(* Fix $s\in\mathbb{N}^+$. If $m$ is sufficiently large (depending on $s$), then for every graph $G$ and all positive integers $r_1,\dots,r_s$ the following holds for the tournament $T_G^\bigstar$: for every $i\in[s]$ there is a constant $a_i>0$ such that for all $x,y\in V(T_G^\bigstar)$, $$t_{x,y}(F_i^{\dagger\bullet\bullet},T_G^\bigstar)=\begin{cases}a_i,& \text{if } (x,y) \text{ or } (y,x) \text{ is an arc of } T_{i*k}[G] \text{ for some } k\in[r_i],\\ 0,&\text{otherwise.}\end{cases}$$ Equivalently, after deleting all-zero rows and columns, the matrix $\big(t_{x,y}(F_i^{\dagger\bullet\bullet},T_G^\bigstar)\big)_{x,y}$ equals $a_i$ times the adjacency matrix of $r_i$ disjoint copies of $G$.
   Context: All digraphs are finite and loopless; a tournament is a digraph in which every pair of distinct vertices is joined by exactly one arc. A homomorphism from a digraph $F$ to a digraph $H$ is a map $\varphi:V(F)\to V(H)$ with $(\varphi(u),\varphi(v))\in E(H)$ whenever $(u,v)\in E(F)$. For a digraph $F$ with two distinguished roots $z,w$ and vertices $x,y$ of $T$, $\hom_{x,y}(F,T)$ is the number of homomorphisms $\varphi:F\to T$ with $\varphi(z)=x,\varphi(w)=y$, and $t_{x,y}(F,T)=\hom_{x,y}(F,T)/|V(T)|^{|V(F)|-2}$. Construction of $F_i^{\bullet\bullet}$: fix $s$, a positive integer $m$, and a tournament $F_0$ on vertex set $[m]$ satisfying: (I) every vertex has out-degree and in-degree at most $2m/3$; (II) there are no disjoint $A_1,A_2\subseteq[m]$ with $|A_1|=|A_2|=\lceil\sqrt m\,\rceil$ such that $(a_1,a_2)$ is an arc for all $a_1\in A_1,a_2\in A_2$; (III) for every $S\subseteq[m]$ with $|S|\ge 2m/13-\sqrt m$, $F_0[S]$ contains a directed cycle. Let $k_1,\dots,k_s$ be integers in $(2m/3+2,\,5m/6)$ with $k_i>k_{i+1}+1$. $F_i^{\bullet\bullet}$ is the digraph on $[m]\cup\{z_i,w_i\}$ (roots $z_i,w_i$) whose arcs are the arcs of $F_0$, plus $z_i\to v$, $v\to w_i$ for $1\le v\le k_i$, plus $u\to z_i$, $w_i\to u$ for $k_i<u\le m$. The symmetrization $F_i^{\dagger\bullet\bullet}$ is obtained from two disjoint copies of $F_i^{\bullet\bullet}$, the "left" copy with roots $z^1,w^1$ and the "right" copy with roots $z^2,w^2$, by identifying $z^1$ with $w^2$ (root $z_i$) and $w^1$ with $z^2$ (root $w_i$). Construction of $T_G^\bigstar$: let $G$ be a graph on $[n]$ and $r_1,\dots,r_s\in\mathbb{N}^+$. For $i\in[s]$ the tournament $T_i$ is built as follows. (1) $T_0$ is the transitive tournament on $[n]$ with arcs $a\to b$ for $a<b$; $T_0[G]$ is its sub-digraph with arcs $(a,b)$, $a<b$, $ab\in E(G)$. Order the arcs of $T_0[G]$ by $(x,y)\succ(a,b)$ iff $x+y>a+b$, or $x+y=a+b$ and $x>a$. (2) For each arc $e=(a,b)$ of $T_0[G]$ attach a new copy of $F_i^{\dagger\bullet\bullet}$ with root $z_i$ identified with $a$ and root $w_i$ with $b$ (so in the left copy $\overleftarrow{F_i^e}$ the roots $z,w$ are $a,b$, and in the right copy $\overrightarrow{F_i^e}$ they are $b,a$). Let $V_e$ be the $2m$ non-root vertices of this copy and $V_0=\bigcup_e V_e$. (3) Add all arcs $x\to y$ with $x$ a non-root vertex of $\overleftarrow{F_i^e}$ and $y$ a non-root vertex of $\overrightarrow{F_i^e}$. (4) For each arc $e=(a,b)$ of $T_0[G]$ and each $x\in[n]\setminus\{a,b\}$, add arcs $x\to v$ for all $v\in V_e$. (5) For arcs $e_1\succ e_2$ of $T_0[G]$, add all arcs $x\to y$ with $x\in V_{e_1}$, $y\in V_{e_2}$. Then $T_G^\bigstar$ is the tournament formed by disjoint copies $T_{i*k}$ of $T_i$ for $i\in[s]$, $k\in[r_i]$, with all arcs $u\to v$ for $u\in V(T_{i_1*k_1})$, $v\in V(T_{i_2*k_2})$ whenever $i_1<i_2$, or $i_1=i_2$ and $k_1<k_2$. $T_{i*k}[G]$ denotes the copy of $T_0[G]$ in $T_{i*k}$. *)

theory Defs
  imports Complex_Main "HOL-Library.FuncSet"
begin
(* The following two statements are equivalent: (a) Every 3-connected cubic graph $G$ admits a proper $5$-edge-coloring $c$ with $|N_G(c)|\le 7$. (b) There exists a sublinear function $f:\mathbb{N}\to\mathbb{N}$ such that every 3-connected cubic graph $G$ admits a proper $5$-edge-coloring $c$ with $|N_G(c)|\le f(|V(G)|)$.
   Context: Graphs are finite, undirected, loopless, and may contain parallel edges. A proper $k$-edge-coloring of $G$ is a map $c:E(G)\to\{1,\dots,k\}$ with adjacent edges receiving different colors. For such $c$ and a vertex $v$, $S_c(v)$ is the set of colors on edges incident to $v$. An edge $uv$ of a cubic graph is poor if $|S_c(u)\cup S_c(v)|=3$, rich if $|S_c(u)\cup S_c(v)|=5$, and abnormal if it is neither poor nor rich. $N_G(c)$ denotes the set of abnormal edges of $G$ with respect to $c$. A function $f:\mathbb{N}\to\mathbb{N}$ is sublinear if $\lim_{n\to\infty} f(n)/n=0$. *)

theory Defs
  imports Complex_Main
begin

text \<open>Parallel edges are distinct elements of E with the same ends.\<close>

definition multigraph :: "'v set \<Rightarrow> 'e set \<Rightarrow> ('e \<Rightarrow> 'v set) \<Rightarrow> bool" where
  "multigraph V E ends \<longleftrightarrow> finite V \<and> finite E \<and>
     (\<forall>e\<in>E. ends e \<subseteq> V \<and> card (ends e) = 2)"

definition inc_edges :: "'e set \<Rightarrow> ('e \<Rightarrow> 'v set) \<Rightarrow> 'v \<Rightarrow> 'e set" where
  "inc_edges E ends v = {e \<in> E. v \<in> ends e}"

definition cubic :: "'v set \<Rightarrow> 'e set \<Rightarrow> ('e \<Rightarrow> 'v set) \<Rightarrow> bool" where
  "cubic V E ends \<longleftrightarrow> multigraph V E ends \<and> (\<forall>v\<in>V. card (inc_edges E ends v) = 3)"

definition adj_in :: "'v set \<Rightarrow> 'e set \<Rightarrow> ('e \<Rightarrow> 'v set) \<Rightarrow> ('v \<times> 'v) set" where
  "adj_in W E ends = {(u, v). u \<in> W \<and> v \<in> W \<and> (\<exists>e\<in>E. ends e = {u, v})}"
theorem proposition10:
  fixes K d :: nat and s :: real and \<Gamma> :: "(real \<Rightarrow> real) set" and \<theta>s :: param
  assumes "K \<ge> 1" and "d \<ge> 1" and "0 < s" and "s < 1"
    and "\<forall>g\<in>\<Gamma>. (\<forall>y. g y \<ge> 0) \<and> (g has_integral 1) UNIV"
    and "in_Theta K d s \<Gamma> \<theta>s"
  shows "\<forall>\<alpha> D. 0 < \<alpha> \<and> \<alpha> \<le> 1 \<and> 0 < D \<longrightarrow>
          (\<exists>M>0. \<forall>n::nat. real n \<ge> 4 * real K * (real d + 1) / \<alpha> \<longrightarrow>
             (\<forall>\<theta> x xs. in_Theta K d s \<Gamma> \<theta> \<and> x \<in> {1..pK \<theta>} \<and> xs \<in> {1..pK \<theta>s} \<and>
                real (card (I_set \<theta>s n D x xs \<theta>)) \<ge> real n * \<alpha> / real K \<longrightarrow>
                (\<forall>t\<in>{0..real n}. \<bar>poly (pT \<theta>s xs) t - poly (pT \<theta> x) t\<bar> \<le> M)))"
proof (intro allI impI)
  fix \<alpha> D :: real
  assume \<alpha>D: "0 < \<alpha> \<and> \<alpha> \<le> 1 \<and> 0 < D"
  define M where "M = real (Suc d) * D * (2 * real K * real d / \<alpha>) ^ d"
  have "0 < M" unfolding M_def using assms(1,2) \<alpha>D by simp
  then show "\<exists>M>0. \<forall>n::nat. real n \<ge> 4 * real K * (real d + 1) / \<alpha> \<longrightarrow>
             (\<forall>\<theta> x xs. in_Theta K d s \<Gamma> \<theta> \<and> x \<in> {1..pK \<theta>} \<and> xs \<in> {1..pK \<theta>s} \<and>
                real (card (I_set \<theta>s n D x xs \<theta>)) \<ge> real n * \<alpha> / real K \<longrightarrow>
                (\<forall>t\<in>{0..real n}. \<bar>poly (pT \<theta>s xs) t - poly (pT \<theta> x) t\<bar> \<le> M))"
    unfolding M_def using abs_trend_difference_le[OF assms(1,2) _ assms(6)] \<alpha>D
    by (intro exI conjI allI impI ballI) auto
qed

end
(* Let $d\ge 1$, $T>0$, $\alpha\ge 0$, and let $H:\mathbb{R}\to\mathbb{C}^{d\times d}$ be a continuously differentiable map such that $H(v)$ is Hermitian for every $v\in\mathbb{R}$ (so that $\partial_v H(v)$ is Hermitian as well). Let $u:[0,T]\to\mathbb{R}$ be a continuous control, and let $|\psi_i\rangle,|\psi_f\rangle\in\mathbb{C}^d$. Let $|\psi(t)\rangle$ and $|\chi(t)\rangle$ be the solutions on $[0,T]$ of $$ i\,\partial_t|\psi(t)\rangle = H(u(t))|\psi(t)\rangle,\quad |\psi(0)\rangle=|\psi_i\rangle, \qquad i\,\partial_t|\chi(t)\rangle = H(u(t))|\chi(t)\rangle,\quad |\chi(T)\rangle=|\psi_f\rangle .$$ Define the gradient of the figure of merit $\mathcal{J}[u]=\mathrm{Re}\,\langle\psi(T)|\psi_f\rangle-\frac{\alpha}{2}\int_0^T u(t)^2\,dt$ by $$\nabla\mathcal{J}[u](t) = -\alpha u(t) + \mathrm{Im}\,\langle\chi(t)|\partial_v H(u(t))|\psi(t)\rangle,\qquad t\in[0,T].$$ Let $N\in\mathbb{N}$, $0=t_0<t_1<\dots<t_N=T$, and for $n=0,\dots,N$ define the intermediate states $$|\varphi^u_n\rangle=\frac{T-t_n}{T}|\psi(t_n)\rangle+\frac{t_n}{T}|\chi(t_n)\rangle .$$ For $0\le n\le N-1$ set $\alpha_n=\frac{t_{n+1}-t_n}{T}\alpha$ and $\beta_n=\frac{T}{t_{n+1}-t_n}$, and let $|\psi_n(t)\rangle$, $|\chi_n(t)\rangle$ be the solutions on $[t_n,t_{n+1}]$ of $$ i\,\partial_t|\psi_n(t)\rangle = H(u(t))|\psi_n(t)\rangle,\ |\psi_n(t_n)\rangle=|\varphi^u_n\rangle,\qquad i\,\partial_t|\chi_n(t)\rangle = H(u(t))|\chi_n(t)\rangle,\ |\chi_n(t_{n+1})\rangle=|\varphi^u_{n+1}\rangle ,$$ and define the gradient of the sub-functional $\mathcal{J}_n[u_n,|\varphi^u\rangle]=-\frac12\big\||\psi_n(t_{n+1})\rangle-|\varphi^u_{n+1}\rangle\big\|^2-\frac{\alpha_n}{2}\int_{t_n}^{t_{n+1}}u_n(t)^2dt$ (with $u_n=u|_{[t_n,t_{n+1}]}$) by $$\nabla\mathcal{J}_n[u|_{[t_n,t_{n+1}]},|\varphi^u\rangle](t) = -\alpha_n u(t) + \mathrm{Im}\,\langle\chi_n(t)|\partial_v H(u(t))|\psi_n(t)\rangle,\qquad t\in[t_n,t_{n+1}].$$ Then for every $n\in\{0,\dots,N-1\}$ and every $t\in[t_n,t_{n+1}]$, $$\nabla\mathcal{J}[u](t)=\beta_n\,\nabla\mathcal{J}_n[u|_{[t_n,t_{n+1}]},|\varphi^u\rangle](t).$$
   Context: Bra-ket notation: $\langle a|B|c\rangle$ denotes the Hermitian inner product of $|a\rangle$ with $B|c\rangle$ (antilinear in the first argument); $\|\cdot\|$ is the associated norm. $\partial_v H(v)$ denotes the derivative of $H$ with respect to its scalar argument $v$. All differential equations are linear ODEs in $\mathbb{C}^d$ with continuous coefficients, so their solutions exist and are unique on the stated intervals. *)

theory Defs
  imports "HOL-Analysis.Analysis"
begin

Work order | Each line of the material that has the word "allI" belongs in the answer.

Solved problem |
proof (intro allI impI)
    by (intro exI conjI allI impI ballI) auto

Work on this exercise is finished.